The Must-Read Book Club
Judi Checo: This was recommended reading for my mentorship with Livia Cohen-Shapiro of Applied Psychology for Yogi’s, but it has become one of my favorite reads separately from any requirement, because I feel it has beautiful universal themes and you don’t have to be a teacher to embrace it’s message of human connection through learning. I theme from it in my yoga classes and return to it for inspiration and encouragement.
YCNYC: Favorite quote?
JC: “Fear is so fundamental to the human condition that all the great spiritual traditions originate in an effort to overcome its effects on our lives. With different words, they all proclaim the same message: “Be not afraid.” Though the traditions vary widely in the ways they propose to take us beyond fear, all hold out the same hope: we can escape fear’s paralysis and enter a state of grace where encounter with otherness will not threaten us but will enrich our work and our lives.”
YCNYC: What one person would you recommend this book to?
JC: New teachers. But it really can also be for the person on a path of self discovery.
YCNC: What moment or part resonates with you the most?

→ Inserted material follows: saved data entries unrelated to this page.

(* Let $(X,d)$ be a complete metric space and $(\mathbb{H}(X),h)$ the space of nonempty compact subsets of $X$ with the Hausdorff metric. For each $i\in\mathbb{N}$ let $\mathcal{F}_i=\{X; f_{1,i},\dots,f_{n,i}\}$ be a family of $n$ Lipschitz maps $f_{r,i}:X\to X$, with set map $\mathcal{F}_i(A)=\bigcup_{r=1}^n f_{r,i}(A)$, and suppose $\lim_{k\to\infty}\prod_{i=1}^k L_{\mathcal{F}_i}=0$ where $L_{\mathcal{F}_i}=\max_r\mathrm{Lip}(f_{r,i})$. Let $\mathcal{F}=\{X; f_1,\dots,f_n\}$ with set map $\mathcal{F}(A)=\bigcup_{r=1}^n f_r(A)$. Assume there exists a compact set $C\subseteq X$ with $f_{r,i}(C)\subseteq C$ for all $r,i$, that for each $r$ the sequence $f_{r,i}$ converges uniformly on $C$ to $f_r$ as $i\to\infty$, and that $L_{\mathcal{F}}=\max_r\mathrm{Lip}(f_r)<1$. Then for every nonempty compact $A\subseteq C$, the forward trajectory $\mathcal{F}_k\circ\mathcal{F}_{k-1}\circ\cdots\circ\mathcal{F}_1(A)$ converges in $(\mathbb{H}(X),h)$ to the unique attractor of $\mathcal{F}$, i.e., the unique $A_{\mathcal{F}}\in\mathbb{H}(X)$ with $\mathcal{F}(A_{\mathcal{F}})=A_{\mathcal{F}}$.
   Context: The Hausdorff metric is $h(B,C)=\max\{d(B,C),d(C,B)\}$ with $d(B,C)=\sup_{b\in B}\inf_{c\in C}d(b,c)$. *)

theory Defs
  imports "HOL-Analysis.Analysis"
begin

text \<open>Directed Hausdorff distance d(B,C) = sup over b in B of inf over c in C of dist b c,
  and the Hausdorff metric h(B,C) = max (d(B,C)) (d(C,B)).  Intended for nonempty compact sets.\<close>
definition hdist_dir :: "'a::metric_space set \<Rightarrow> 'a set \<Rightarrow> real" where
  "hdist_dir B C = (SUP b\<in>B. INF c\<in>C. dist b c)"

definition hausdorff_metric :: "'a::metric_space set \<Rightarrow> 'a set \<Rightarrow> real" where
  "hausdorff_metric B C = max (hdist_dir B C) (hdist_dir C B)"

definition Lip :: "('a::metric_space \<Rightarrow> 'b::metric_space) \<Rightarrow> real" where
  "Lip f = Inf {L. L-lipschitz_on UNIV f}"

definition set_map :: "nat \<Rightarrow> (nat \<Rightarrow> 'a \<Rightarrow> 'a) \<Rightarrow> 'a set \<Rightarrow> 'a set" where
  "set_map n f A = (\<Union>r<n. f r ` A)"

text \<open>Forward trajectory F_k o ... o F_1 (A); the families are indexed by i = 1, 2, ...;
  fs r i is the r-th map of the i-th family.\<close>
primrec forward_traj :: "nat \<Rightarrow> (nat \<Rightarrow> nat \<Rightarrow> 'a \<Rightarrow> 'a) \<Rightarrow> nat \<Rightarrow> 'a set \<Rightarrow> 'a set" where
  "forward_traj n fs 0 A = A"
| "forward_traj n fs (Suc k) A = set_map n (\<lambda>r. fs r (Suc k)) (forward_traj n fs k A)"

end

theory Submission
  imports Defs
begin

text \<open>
  F is a contraction with ratio L < 1 for the Hausdorff metric h, so it has at most one
  nonempty compact fixed set; one exists because the closure of the orbit of any point is a
  compact F-invariant set, and the intersection of its images under the iterates of F is fixed.
  For the trajectory T_k, uniform convergence on the invariant set C gives, for every
  \<delta> > 0 and all large k, h(T_(k+1), A_F) = h(F_(k+1)(T_k), F(A_F)) \<le> \<delta> + L h(T_k, A_F),
  and an eventually contracting sequence of this kind tends to 0.
\<close>

lemma lipschitz_on_Lip:
  fixes g :: "'a::metric_space \<Rightarrow> 'b::metric_space"
  assumes "\<exists>L. L-lipschitz_on UNIV g"
  shows "(Lip g)-lipschitz_on UNIV g"
proof -
  let ?S = "{L. L-lipschitz_on UNIV g}"
  have "?S \<noteq> {}"
    using assms by blast
  have "0 \<le> Lip g"
    unfolding Lip_def by (rule cInf_greatest[OF \<open>?S \<noteq> {}\<close>]) (auto simp: lipschitz_on_nonneg)
  moreover have "dist (g x) (g y) \<le> Lip g * dist x y" for x y
  proof (cases "x = y")
    case False
    then have "0 < dist x y" by simp
    have "dist (g x) (g y) / dist x y \<le> Lip g"
      unfolding Lip_def
    proof (rule cInf_greatest[OF \<open>?S \<noteq> {}\<close>])
      fix L assume "L \<in> ?S"
      then show "dist (g x) (g y) / dist x y \<le> L"
        using \<open>0 < dist x y\<close> by (auto simp: divide_le_eq dest: lipschitz_onD)
    qed
    then show ?thesis
      using \<open>0 < dist x y\<close> by (simp add: divide_le_eq)
  qed simp
  ultimately show ?thesis
    by (intro lipschitz_onI)
qed

lemma eventually_contracting_imp_tendsto_zero:
  fixes a :: "nat \<Rightarrow> real"
  assumes nonneg: "\<And>k. 0 \<le> a k" and "0 \<le> L" "L < 1"
    and step: "\<And>\<delta>. 0 < \<delta> \<Longrightarrow> \<forall>\<^sub>F k in sequentially. a (Suc k) \<le> \<delta> + L * a k"
  shows "a \<longlonglongrightarrow> 0"
proof (rule LIMSEQ_I)
  fix e :: real assume "0 < e"
  define \<delta> where "\<delta> = e * (1 - L) / 2"
  have "0 < \<delta>"
    unfolding \<delta>_def using \<open>0 < e\<close> \<open>L < 1\<close> by simp
  then obtain N where N: "\<And>k. N \<le> k \<Longrightarrow> a (Suc k) \<le> \<delta> + L * a k"
    using step by (auto simp: eventually_sequentially)
  have bound: "a (N + j) \<le> e / 2 + L ^ j * a N" for j
  proof (induction j)
    case 0
    show ?case using \<open>0 < e\<close> by simp
  next
    case (Suc j)
    have "a (N + Suc j) \<le> \<delta> + L * a (N + j)"
      using N by simp
    also have "\<dots> \<le> \<delta> + L * (e / 2 + L ^ j * a N)"
      using Suc.IH \<open>0 \<le> L\<close> by (simp add: mult_left_mono)
    also have "\<dots> = e / 2 + L ^ Suc j * a N"
      unfolding \<delta>_def by (simp add: field_simps)
    finally show ?case .
  qed
  have "(\<lambda>j. L ^ j * a N) \<longlonglongrightarrow> 0"
    using \<open>0 \<le> L\<close> \<open>L < 1\<close> by (intro tendsto_mult_left_zero LIMSEQ_power_zero) simp
  then have "\<forall>\<^sub>F j in sequentially. L ^ j * a N < e / 2"
    by (rule order_tendstoD(2)) (use \<open>0 < e\<close> in simp)
  then obtain J where J: "\<And>j. J \<le> j \<Longrightarrow> L ^ j * a N < e / 2"
    by (auto simp: eventually_sequentially)
  have "norm (a k - 0) < e" if "N + J \<le> k" for k
  proof -
    have "a k \<le> e / 2 + L ^ (k - N) * a N"
      using bound[of "k - N"] that by simp
    also have "\<dots> < e"
      using J[of "k - N"] that by linarith
    finally show ?thesis
      using nonneg[of k] by simp
  qed
  then show "\<exists>K. \<forall>k\<ge>K. norm (a k - 0) < e"
    by blast
qed

lemma hausdorff_metric_commute: "hausdorff_metric A B = hausdorff_metric B A"
  by (simp add: hausdorff_metric_def max.commute)

lemma hdist_dir_le:
  fixes A B :: "'a::metric_space set"
  assumes "A \<noteq> {}" "\<And>a. a \<in> A \<Longrightarrow> \<exists>b\<in>B. dist a b \<le> e"
  shows "hdist_dir A B \<le> e"
  unfolding hdist_dir_def
proof (rule cSUP_least[OF \<open>A \<noteq> {}\<close>])
  fix a assume "a \<in> A"
  then obtain b where b: "b \<in> B" "dist a b \<le> e" using assms(2) by blast
  have "bdd_below (dist a ` B)"
    by (rule bdd_belowI2[of _ 0]) simp
  then show "(INF b\<in>B. dist a b) \<le> e"
    using b by (rule cINF_lower2)
qed

lemma hausdorff_metric_le:
  fixes A B :: "'a::metric_space set"
  assumes "A \<noteq> {}" "B \<noteq> {}"
    and "\<And>a. a \<in> A \<Longrightarrow> \<exists>b\<in>B. dist a b \<le> e" "\<And>b. b \<in> B \<Longrightarrow> \<exists>a\<in>A. dist b a \<le> e"
  shows "hausdorff_metric A B \<le> e"
  using assms by (simp add: hausdorff_metric_def hdist_dir_le)

lemma hdist_dir_witness:
  fixes A B :: "'a::metric_space set"
  assumes "compact A" "compact B" "B \<noteq> {}" "a \<in> A"
  obtains b where "b \<in> B" "dist a b \<le> hdist_dir A B"
proof -
  obtain b where b: "b \<in> B" "\<And>y. y \<in> B \<Longrightarrow> dist a b \<le> dist a y"
    using continuous_attains_inf[OF \<open>compact B\<close> \<open>B \<noteq> {}\<close>, of "dist a"]
      continuous_on_dist[OF continuous_on_const continuous_on_id, of B a] by auto
  have "dist a b \<le> (INF y\<in>B. dist a y)"
    by (rule cINF_greatest[OF \<open>B \<noteq> {}\<close> b(2)])
  then have "dist a b \<le> infdist a B"
    using \<open>B \<noteq> {}\<close> by (simp add: infdist_def)
  also have "\<dots> \<le> (SUP x\<in>A. infdist x B)"
  proof (rule cSUP_upper[OF \<open>a \<in> A\<close>])
    have "compact ((\<lambda>x. infdist x B) ` A)"
      using continuous_on_infdist[OF continuous_on_id] \<open>compact A\<close>
      by (rule compact_continuous_image)
    then show "bdd_above ((\<lambda>x. infdist x B) ` A)"
      by (simp add: bounded_imp_bdd_above compact_imp_bounded)
  qed
  also have "\<dots> = hdist_dir A B"
    using \<open>B \<noteq> {}\<close> by (simp add: hdist_dir_def infdist_def)
  finally show ?thesis using that b(1) by blast
qed

lemma hausdorff_metric_witness:
  fixes A B :: "'a::metric_space set"
  assumes "compact A" "compact B" "B \<noteq> {}" "a \<in> A"
  obtains b where "b \<in> B" "dist a b \<le> hausdorff_metric A B"
proof -
  obtain b where b: "b \<in> B" "dist a b \<le> hdist_dir A B"
    using hdist_dir_witness[OF assms] .
  have "hdist_dir A B \<le> hausdorff_metric A B"
    by (simp add: hausdorff_metric_def)
  with b that show ?thesis by force
qed

lemma hausdorff_metric_nonneg:
  fixes A B :: "'a::metric_space set"
  assumes "compact A" "compact B" "A \<noteq> {}" "B \<noteq> {}"
  shows "0 \<le> hausdorff_metric A B"
proof -
  obtain a where "a \<in> A" using \<open>A \<noteq> {}\<close> by blast
  then obtain b where "dist a b \<le> hausdorff_metric A B"
    using hausdorff_metric_witness[OF assms(1,2,4)] by blast
  then show ?thesis using zero_le_dist order_trans by blast
qed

JC: There is a story about “the student from hell” where he describes teaching in a room full of enthusiastic students, all except for one. Of course, that one student is the only person he can focus on, and he spends the entire class trying to connect with him (at the expense of all the others) and seemingly failing only to later find out out that the student’s apparent apathy was really based on anxiety and fear and a sense of not belonging based on his family history, and had nothing to do with the class or Mr. Palmer in any way. He makes great observations about projection and the stories we make up and how they can hold us back and affect us not just as teachers but also in so many areas of our lives. I love how that ties back to the idea of mindfulness and that everything is a practice (teaching, learning, connecting).